#### Data extracts
○ ○ ○ ○ ○

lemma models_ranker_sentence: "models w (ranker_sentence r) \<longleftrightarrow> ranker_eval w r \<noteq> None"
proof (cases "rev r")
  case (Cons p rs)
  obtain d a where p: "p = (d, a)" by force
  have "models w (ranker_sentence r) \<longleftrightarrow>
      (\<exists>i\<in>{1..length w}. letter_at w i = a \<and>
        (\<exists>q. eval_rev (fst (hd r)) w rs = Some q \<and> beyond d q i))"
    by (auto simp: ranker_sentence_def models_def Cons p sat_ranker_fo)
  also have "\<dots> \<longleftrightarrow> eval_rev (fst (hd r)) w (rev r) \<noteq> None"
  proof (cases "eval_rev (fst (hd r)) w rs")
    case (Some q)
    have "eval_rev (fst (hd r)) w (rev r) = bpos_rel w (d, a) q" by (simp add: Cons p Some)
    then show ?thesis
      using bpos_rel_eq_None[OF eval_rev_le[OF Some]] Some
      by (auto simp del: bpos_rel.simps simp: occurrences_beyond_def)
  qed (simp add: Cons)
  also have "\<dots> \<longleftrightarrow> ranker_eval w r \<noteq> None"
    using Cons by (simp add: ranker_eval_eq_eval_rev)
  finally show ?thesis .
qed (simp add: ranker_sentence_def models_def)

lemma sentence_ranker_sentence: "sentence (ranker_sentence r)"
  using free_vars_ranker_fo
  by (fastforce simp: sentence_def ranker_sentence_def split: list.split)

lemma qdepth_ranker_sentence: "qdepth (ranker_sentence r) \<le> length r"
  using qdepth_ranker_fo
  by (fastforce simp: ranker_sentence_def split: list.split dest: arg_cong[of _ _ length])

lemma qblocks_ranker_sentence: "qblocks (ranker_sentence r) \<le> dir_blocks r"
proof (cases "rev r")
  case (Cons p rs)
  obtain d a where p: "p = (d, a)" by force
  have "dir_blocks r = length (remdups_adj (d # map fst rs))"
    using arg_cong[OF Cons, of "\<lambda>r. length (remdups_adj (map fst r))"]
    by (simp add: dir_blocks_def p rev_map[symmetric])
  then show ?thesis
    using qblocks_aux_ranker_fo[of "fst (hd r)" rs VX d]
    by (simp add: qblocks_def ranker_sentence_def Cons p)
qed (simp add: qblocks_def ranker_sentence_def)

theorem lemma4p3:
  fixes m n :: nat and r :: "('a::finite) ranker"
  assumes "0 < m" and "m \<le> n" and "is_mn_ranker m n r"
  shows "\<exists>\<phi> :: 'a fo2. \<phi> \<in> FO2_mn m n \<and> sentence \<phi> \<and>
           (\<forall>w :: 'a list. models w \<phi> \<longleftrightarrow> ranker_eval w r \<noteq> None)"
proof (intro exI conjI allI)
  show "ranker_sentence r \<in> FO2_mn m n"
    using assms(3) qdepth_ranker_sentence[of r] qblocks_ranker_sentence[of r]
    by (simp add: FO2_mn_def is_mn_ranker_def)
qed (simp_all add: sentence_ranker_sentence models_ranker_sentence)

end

○ ○ ○ ○ ○

#### Task requirements
Scan the data above, find each line with "have", and copy it.

#### Result of the exercise
  have "models w (ranker_sentence r) \<longleftrightarrow>
  also have "\<dots> \<longleftrightarrow> eval_rev (fst (hd r)) w (rev r) \<noteq> None"
    have "eval_rev (fst (hd r)) w (rev r) = bpos_rel w (d, a) q" by (simp add: Cons p Some)
  also have "\<dots> \<longleftrightarrow> ranker_eval w r \<noteq> None"
  have "dir_blocks r = length (remdups_adj (d # map fst rs))"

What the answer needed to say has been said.